Isto tornaria o Reino Unido a terceira economia com crescimento mais rápido no G7 em 2026 – atrás dos EUA, cuja taxa de crescimento de 2,3% foi impulsionada pela Boom de investimento em IA; e o Canadá, exportador de petróleo, com 1,1%.
Esta modesta melhoria é a mais recente indicação de que o novo Primeiro-Ministro Andy Burnhampoderia herdar uma economia menos afectada pelo conflito no Médio Oriente do que se temia anteriormente.
A previsão de crescimento do FMI para o Reino Unido no próximo ano permanece inalterada em 1,3%, à medida que a inflação volta a atingir a meta do governo de 2% em meados de 2027.
Enquanto isso, dados oficiais mostraram Contra todas as expectativas, a inflação britânica manteve-se inalterada em maioos mercados financeiros prevêem apenas um aumento nas taxas de juro até à próxima Primavera.
No auge do conflito, havia receios Banco da Inglaterra os decisores políticos poderiam recorrer a vários aumentos sucessivos para lidar com o impacto do aumento dos preços – com repercussões para os consumidores e as empresas.
Os preços globais do petróleo caíram acentuadamente desde o anúncio da memorando de entendimento entre os Estados Unidos e o Irã no mês passado. No entanto, os preços subiram na quarta-feira, em meio a novas incertezas sobre as perspectivas de paz. depois de Donald Trump declarar cessar-fogo ‘acabado’.
A previsão do FMI para o crescimento económico global mantém-se praticamente inalterada desde Abril, em 3% este ano e 3,4% no próximo ano – abaixo da média de 3,5% dos dois anos anteriores.
Isso explica que o boom da IA ajudou a mitigar o impacto da energia mais cara resultante da guerra – embora alguns países tenham sido atingidos de forma muito mais dura do que outros.
“Este ligeiro abrandamento reflete os efeitos da guerra no Médio Oriente, parcialmente compensados pela aceleração da procura no ciclo tecnológico global, graças aos avanços na inteligência artificial (IA) e à sua adoção”, afirma.

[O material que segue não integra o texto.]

lemma measurable_sv_output_param:
  assumes A: "\<And>i. i < n \<Longrightarrow> (\<lambda>z. A z i) \<in> borel_measurable M"
    and X1: "\<And>i. i < n \<Longrightarrow> (\<lambda>z. fst (X z) i) \<in> borel_measurable M"
    and X2: "\<And>i. i < n \<Longrightarrow> (\<lambda>z. snd (X z) i) \<in> borel_measurable M"
  shows "(\<lambda>z. sv_output n c e (A z) m (X z)) \<in> measurable M (svt_out_space n)"
  unfolding svt_out_space_def
proof (rule measurable_PiM_single')
  fix i assume "i \<in> {..<n}"
  then have i: "i < n" by simp
  have count: "(\<lambda>z. real (card {j. j < i \<and> A z j \<le> fst (X z) j})) \<in> borel_measurable M"
    unfolding real_card_Collect_less
  proof (rule borel_measurable_sum)
    fix j assume "j \<in> {..<i}"
    then have [measurable]: "(\<lambda>z. A z j) \<in> borel_measurable M" "(\<lambda>z. fst (X z) j) \<in> borel_measurable M"
      using i A X1 by auto
    show "(\<lambda>z. if A z j \<le> fst (X z) j then 1 else 0 :: real) \<in> borel_measurable M"
      by measurable
  qed
  have coords: "(\<lambda>z. A z i) \<in> borel_measurable M" "(\<lambda>z. fst (X z) i) \<in> borel_measurable M"
    "(\<lambda>z. snd (X z) i) \<in> borel_measurable M"
    using i A X1 X2 by auto
  have "(\<lambda>z. sv_output n c e (A z) m (X z) i) = (\<lambda>z.
      if real (card {j. j < i \<and> A z j \<le> fst (X z) j}) < real c
      then (if A z i \<le> fst (X z) i then (1, if e > 0 then m i + snd (X z) i else 0) else (0, 0))
      else (2, 0))"
    using i by (simp add: sv_output_def sv_slot_def fun_eq_iff)
  also have "\<dots> \<in> measurable M svt_slot_space"
    unfolding svt_slot_space_def
    by (intro measurable_If measurable_Pair measurable_const borel_measurable_less
        borel_measurable_le borel_measurable_add count coords) auto
  finally show "(\<lambda>z. sv_output n c e (A z) m (X z) i) \<in> measurable M svt_slot_space" .
qed (simp add: svt_slot_space_def space_pair_measure PiE_iff sv_output_extensional)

Entretanto, os preços do petróleo subiram de forma menos dramática do que alguns analistas temiam, devido à retirada de estoques de emergência.

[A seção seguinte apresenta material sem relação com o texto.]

lemma noetherian_stabilize:
  fixes N :: nat
  assumes A: "noetherian A"
    and ideal: "\<And>I n. I \<in> F \<Longrightarrow> ideal_in A (L n I)"
    and mono: "\<And>I J n. I \<in> F \<Longrightarrow> J \<in> F \<Longrightarrow> I \<subseteq> J \<Longrightarrow> L n I \<subseteq> L n J"
    and "I0 \<in> F"
  shows "\<exists>I1\<in>F. I0 \<subseteq> I1 \<and> (\<forall>I\<in>F. I1 \<subseteq> I \<longrightarrow> (\<forall>n<N. L n I = L n I1))"
  using \<open>I0 \<in> F\<close>
proof (induction N arbitrary: I0)
  case 0
  then show ?case by auto
next
  case (Suc N)
  from Suc.IH[OF Suc.prems] obtain I1 where I1: "I1 \<in> F" "I0 \<subseteq> I1"
    and stable: "\<forall>I\<in>F. I1 \<subseteq> I \<longrightarrow> (\<forall>n<N. L n I = L n I1)"
    by blast
  define G where "G = {L N I | I. I \<in> F \<and> I1 \<subseteq> I}"
  have "G \<noteq> {}" "\<And>L'. L' \<in> G \<Longrightarrow> ideal_in A L'"
    unfolding G_def using I1 ideal by blast+
  from noetherianD[OF A this] obtain M where M: "M \<in> G" and max: "\<forall>L'\<in>G. M \<subseteq> L' \<longrightarrow> L' = M"
    by (rule bexE)
  from M obtain I2 where I2: "I2 \<in> F" "I1 \<subseteq> I2" "M = L N I2" unfolding G_def by blast
  have "L n I = L n I2" if I: "I \<in> F" "I2 \<subseteq> I" and "n < Suc N" for I n
  proof (cases "n < N")
    case True
    then show ?thesis using stable I I2 by auto
  next
    case False
    then have "n = N" using \<open>n < Suc N\<close> by simp
    moreover have "L N I \<in> G" unfolding G_def using I I2 by auto
    moreover have "M \<subseteq> L N I" using I2 I mono by simp
    ultimately show ?thesis using max I2(3) by simp
  qed
  then have "\<forall>I\<in>F. I2 \<subseteq> I \<longrightarrow> (\<forall>n<Suc N. L n I = L n I2)" by blast
  moreover have "I0 \<subseteq> I2" using I1(2) I2(2) by (rule subset_trans)
  ultimately show ?case using I2(1) by blast
qed

section \<open>Subrings and adjoining an element\<close>

definition subring :: "'a::comm_ring_1 set \<Rightarrow> bool" where
  "subring A \<longleftrightarrow> 1 \<in> A \<and> (\<forall>x\<in>A. \<forall>y\<in>A. x + y \<in> A \<and> x * y \<in> A) \<and> (\<forall>x\<in>A. -x \<in> A)"

lemma subring_zero: "subring A \<Longrightarrow> 0 \<in> A"
  unfolding subring_def by (metis add.right_inverse)

lemma subring_diff: "subring A \<Longrightarrow> x \<in> A \<Longrightarrow> y \<in> A \<Longrightarrow> x - y \<in> A"
  unfolding subring_def by (metis diff_conv_add_uminus)

lemma subring_minus_one: "subring A \<Longrightarrow> -1 \<in> A"
  unfolding subring_def by blast

lemma set_map2_subset:
  assumes "set xs \<subseteq> A" "set ys \<subseteq> A" "\<And>x y. x \<in> A \<Longrightarrow> y \<in> A \<Longrightarrow> f x y \<in> A"
  shows "set (map2 f xs ys) \<subseteq> A"
proof
  fix z assume "z \<in> set (map2 f xs ys)"
  then obtain x y where xy: "(x, y) \<in> set (zip xs ys)" "z = f x y" by auto
  have "x \<in> A" "y \<in> A" using set_zip_leftD[OF xy(1)] set_zip_rightD[OF xy(1)] assms(1,2) by blast+
  then show "z \<in> A" using assms(3) xy(2) by blast
qed

fun horner :: "'a::comm_ring_1 \<Rightarrow> 'a list \<Rightarrow> 'a" where
  "horner g [] = 0"
| "horner g (a # as) = a + g * horner g as"

lemma horner_append: "horner g (as @ [a]) = horner g as + a * g ^ length as"
  by (induction as) (auto simp: algebra_simps)

lemma horner_replicate_zero: "horner g (replicate n 0) = 0"
  by (induction n) auto

lemma horner_append_zeros: "horner g (as @ replicate n 0) = horner g as"
  by (induction as) (auto simp: horner_replicate_zero)

lemma horner_map2_add:
  "length as = length bs \<Longrightarrow> horner g (map2 (+) as bs) = horner g as + horner g bs"
  by (induction as bs rule: list_induct2) (auto simp: algebra_simps)

lemma horner_map2_diff:
  "length as = length bs \<Longrightarrow> horner g (map2 (-) as bs) = horner g as - horner g bs"
proof (induction as bs rule: list_induct2)
  case (Cons a as b bs)
  then have "horner g (map2 (-) (a # as) (b # bs)) = (a - b) + g * (horner g as - horner g bs)"
    by simp
  then show ?case by (simp add: algebra_simps)
qed simp

lemma horner_scale: "horner g (map ((*) c) as) = c * horner g as"
  by (induction as) (auto simp: algebra_simps)

definition adjoin :: "'a::comm_ring_1 set \<Rightarrow> 'a \<Rightarrow> 'a set" where
  "adjoin A g = {horner g as | as. set as \<subseteq> A}"

lemma adjoinE:
  assumes "x \<in> adjoin A g"
  obtains as where "set as \<subseteq> A" "x = horner g as"
  using assms unfolding adjoin_def by blast

lemma adjoinI: "set as \<subseteq> A \<Longrightarrow> horner g as \<in> adjoin A g"
  unfolding adjoin_def by blast

lemma adjoin_base: "a \<in> A \<Longrightarrow> a \<in> adjoin A g"
  using adjoinI[of "[a]" A g] by simp

lemma adjoin_generator: "subring A \<Longrightarrow> g \<in> adjoin A g"
  using adjoinI[of "[0, 1]" A g] by (simp add: subring_zero subring_def)

lemma adjoin_add:
  assumes A: "subring A" and x: "x \<in> adjoin A g" and y: "y \<in> adjoin A g"
  shows "x + y \<in> adjoin A g"
proof -
  obtain as bs where as: "set as \<subseteq> A" "x = horner g as" and bs: "set bs \<subseteq> A" "y = horner g bs"
    using x y by (metis adjoinE)
  define as' where "as' = as @ replicate (length bs - length as) 0"
  define bs' where "bs' = bs @ replicate (length as - length bs) 0"
  have "length as' = length bs'" unfolding as'_def bs'_def by simp
  then have "x + y = horner g (map2 (+) as' bs')"
    using as bs by (simp add: horner_map2_add as'_def bs'_def horner_append_zeros)
  moreover have "set (map2 (+) as' bs') \<subseteq> A"
    using as bs subring_zero[OF A] A unfolding as'_def bs'_def subring_def
    by (intro set_map2_subset) auto
  ultimately show ?thesis by (simp add: adjoinI)
qed

lemma adjoin_scale:
  assumes A: "subring A" and c: "c \<in> A" and x: "x \<in> adjoin A g"
  shows "c * x \<in> adjoin A g"
proof -
  obtain as where as: "set as \<subseteq> A" "x = horner g as" using x by (rule adjoinE)
  have "set (map ((*) c) as) \<subseteq> A" using as c A unfolding subring_def by auto
  then show ?thesis using as by (metis adjoinI horner_scale)
qed

lemma adjoin_mult_generator:
  assumes A: "subring A" and x: "x \<in> adjoin A g"
  shows "g * x \<in> adjoin A g"
proof -
  obtain as where as: "set as \<subseteq> A" "x = horner g as" using x by (rule adjoinE)
  have "set (0 # as) \<subseteq> A" using as subring_zero[OF A] by simp
  then show ?thesis using as adjoinI[of "0 # as" A g] by simp
qed

lemma subring_adjoin:
  assumes A: "subring A"
  shows "subring (adjoin A g)"
  unfolding subring_def
proof (intro conjI ballI)
  show "1 \<in> adjoin A g" using adjoin_base A unfolding subring_def by blast
next
  fix x y assume x: "x \<in> adjoin A g" and y: "y \<in> adjoin A g"
  show "x + y \<in> adjoin A g" using adjoin_add[OF A x y] .
  obtain as where as: "set as \<subseteq> A" "x = horner g as" using x by (rule adjoinE)
  have "horner g as * y \<in> adjoin A g"
    using as(1) by (induction as)
      (auto simp: distrib_right mult.assoc subring_zero[OF A] adjoin_base
        intro!: adjoin_add[OF A] adjoin_scale[OF A _ y] adjoin_mult_generator[OF A])
  then show "x * y \<in> adjoin A g" using as(2) by simp
next
  fix x assume "x \<in> adjoin A g"
  then show "-x \<in> adjoin A g" using adjoin_scale[OF A subring_minus_one[OF A]] by fastforce
qed

lemma adjoin_least:
  assumes B: "subring B" and "A \<subseteq> B" and "g \<in> B"
  shows "adjoin A g \<subseteq> B"
proof
  fix x assume "x \<in> adjoin A g"
  then obtain as where as: "set as \<subseteq> A" "x = horner g as" by (rule adjoinE)
  have "horner g as \<in> B"
    using as(1) by (induction as) (use assms subring_zero[OF B] in \<open>auto simp: subring_def\<close>)
  then show "x \<in> B" using as by simp
qed

lemma subring_ring_generated: "subring (ring_generated G)"
  unfolding subring_def by (auto intro: ring_generated.intros)

lemma ring_generated_least: "subring B \<Longrightarrow> G \<subseteq> B \<Longrightarrow> ring_generated G \<subseteq> B"
proof
  fix x assume B: "subring B" "G \<subseteq> B" and "x \<in> ring_generated G"
  from this(3) show "x \<in> B"
    by (induction x rule: ring_generated.induct) (use B in \<open>auto simp: subring_def\<close>)
qed

lemma ring_generated_insert: "ring_generated (insert g G) = adjoin (ring_generated G) g"
proof
  show "ring_generated (insert g G) \<subseteq> adjoin (ring_generated G) g"
    using adjoin_generator[OF subring_ring_generated] adjoin_base ring_generated.gen
    by (intro ring_generated_least subring_adjoin subring_ring_generated) blast
  show "adjoin (ring_generated G) g \<subseteq> ring_generated (insert g G)"
    by (intro adjoin_least subring_ring_generated ring_generated_least)
      (auto intro: ring_generated.gen)
qed

lemma of_int_in_subring: "subring A \<Longrightarrow> of_int n \<in> A"
proof -
  assume A: "subring A"
  have nat: "of_nat k \<in> A" for k
    by (induction k) (use A subring_zero[OF A] in \<open>auto simp: subring_def\<close>)
  have "of_int n = (of_nat (nat n) - of_nat (nat (- n)) :: 'a)" by (cases "n \<ge> 0") auto
  then show ?thesis using subring_diff[OF A nat nat] by simp
qed

lemma ring_generated_empty: "ring_generated {} = range (of_int :: int \<Rightarrow> 'a::comm_ring_1)"
proof
  have "subring (range (of_int :: int \<Rightarrow> 'a))"
    unfolding subring_def by (auto simp flip: of_int_add of_int_mult of_int_minus) (metis of_int_1 rangeI)
  then show "ring_generated {} \<subseteq> range (of_int :: int \<Rightarrow> 'a)" by (simp add: ring_generated_least)
  show "range of_int \<subseteq> (ring_generated {} :: 'a set)"
    using of_int_in_subring[OF subring_ring_generated] by blast
qed

section \<open>Hilbert's basis theorem\<close>

context
  fixes A :: "'a::comm_ring_1 set" and g :: 'a
  assumes A: "subring A"
begin

definition lead_coeffs :: "nat \<Rightarrow> 'a set \<Rightarrow> 'a set" where
  "lead_coeffs n I = {a \<in> A. \<exists>as. set as \<subseteq> A \<and> length as = n \<and> a * g ^ n + horner g as \<in> I}"

lemma lead_coeffsE:
  assumes "a \<in> lead_coeffs n I"
  obtains as where "a \<in> A" "set as \<subseteq> A" "length as = n" "a * g ^ n + horner g as \<in> I"
  using assms unfolding lead_coeffs_def by blast

lemma lead_coeffsI:
  "a \<in> A \<Longrightarrow> set as \<subseteq> A \<Longrightarrow> length as = n \<Longrightarrow> a * g ^ n + horner g as \<in> I \<Longrightarrow> a \<in> lead_coeffs n I"
  unfolding lead_coeffs_def by blast

lemma lead_coeffs_mono: "I \<subseteq> J \<Longrightarrow> lead_coeffs n I \<subseteq> lead_coeffs n J"
  unfolding lead_coeffs_def by blast

lemma ideal_lead_coeffs:
  assumes I: "ideal_in (adjoin A g) I"
  shows "ideal_in A (lead_coeffs n I)"
  unfolding ideal_in_def
proof (intro conjI ballI)
  show "lead_coeffs n I \<subseteq> A" unfolding lead_coeffs_def by blast
  have "0 * g ^ n + horner g (replicate n 0) \<in> I"
    using I unfolding ideal_in_def by (simp add: horner_replicate_zero)
  then show "0 \<in> lead_coeffs n I"
    using subring_zero[OF A] by (intro lead_coeffsI[of 0 "replicate n 0"]) auto
next
  fix x y assume "x \<in> lead_coeffs n I" "y \<in> lead_coeffs n I"
  then obtain as bs where as: "x \<in> A" "set as \<subseteq> A" "length as = n" "x * g ^ n + horner g as \<in> I"
    and bs: "y \<in> A" "set bs \<subseteq> A" "length bs = n" "y * g ^ n + horner g bs \<in> I"
    by (metis lead_coeffsE)
  have "(x * g ^ n + horner g as) + (y * g ^ n + horner g bs) \<in> I"
    using as(4) bs(4) I unfolding ideal_in_def by blast
  moreover have "(x * g ^ n + horner g as) + (y * g ^ n + horner g bs)
      = (x + y) * g ^ n + horner g (map2 (+) as bs)"
    using as(3) bs(3) by (simp add: horner_map2_add algebra_simps)
  moreover have "set (map2 (+) as bs) \<subseteq> A"
    using as(2) bs(2) A unfolding subring_def by (intro set_map2_subset) auto
  moreover have "x + y \<in> A" using as(1) bs(1) A unfolding subring_def by blast
  ultimately show "x + y \<in> lead_coeffs n I"
    using as(3) bs(3) by (intro lead_coeffsI[of _ "map2 (+) as bs"]) auto
next
  fix c x assume c: "c \<in> A" and x: "x \<in> lead_coeffs n I"
  from x obtain as where as: "x \<in> A" "set as \<subseteq> A" "length as = n" "x * g ^ n + horner g as \<in> I"
    by (rule lead_coeffsE)
  have "c * (x * g ^ n + horner g as) \<in> I"
    using as(4) I adjoin_base[OF c] unfolding ideal_in_def by blast
  moreover have "c * (x * g ^ n + horner g as) = (c * x) * g ^ n + horner g (map ((*) c) as)"
    by (simp add: horner_scale algebra_simps)
  moreover have "set (map ((*) c) as) \<subseteq> A" using as(2) c A unfolding subring_def by auto
  moreover have "c * x \<in> A" using as(1) c A unfolding subring_def by blast
  ultimately show "c * x \<in> lead_coeffs n I"
    using as(3) by (intro lead_coeffsI[of _ "map ((*) c) as"]) auto
qed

O FMI salienta que o preço dos combustíveis fósseis para os consumidores tem variado consideravelmente, dependendo de uma vasta gama de factores, incluindo a localização geográfica.
Os preços retalhistas da gasolina subiram 30% na Ásia, por exemplo, mas apenas 15% na América Latina, enquanto os preços do gás natural liquefeito subiram 50% na Ásia e 25% na Europa.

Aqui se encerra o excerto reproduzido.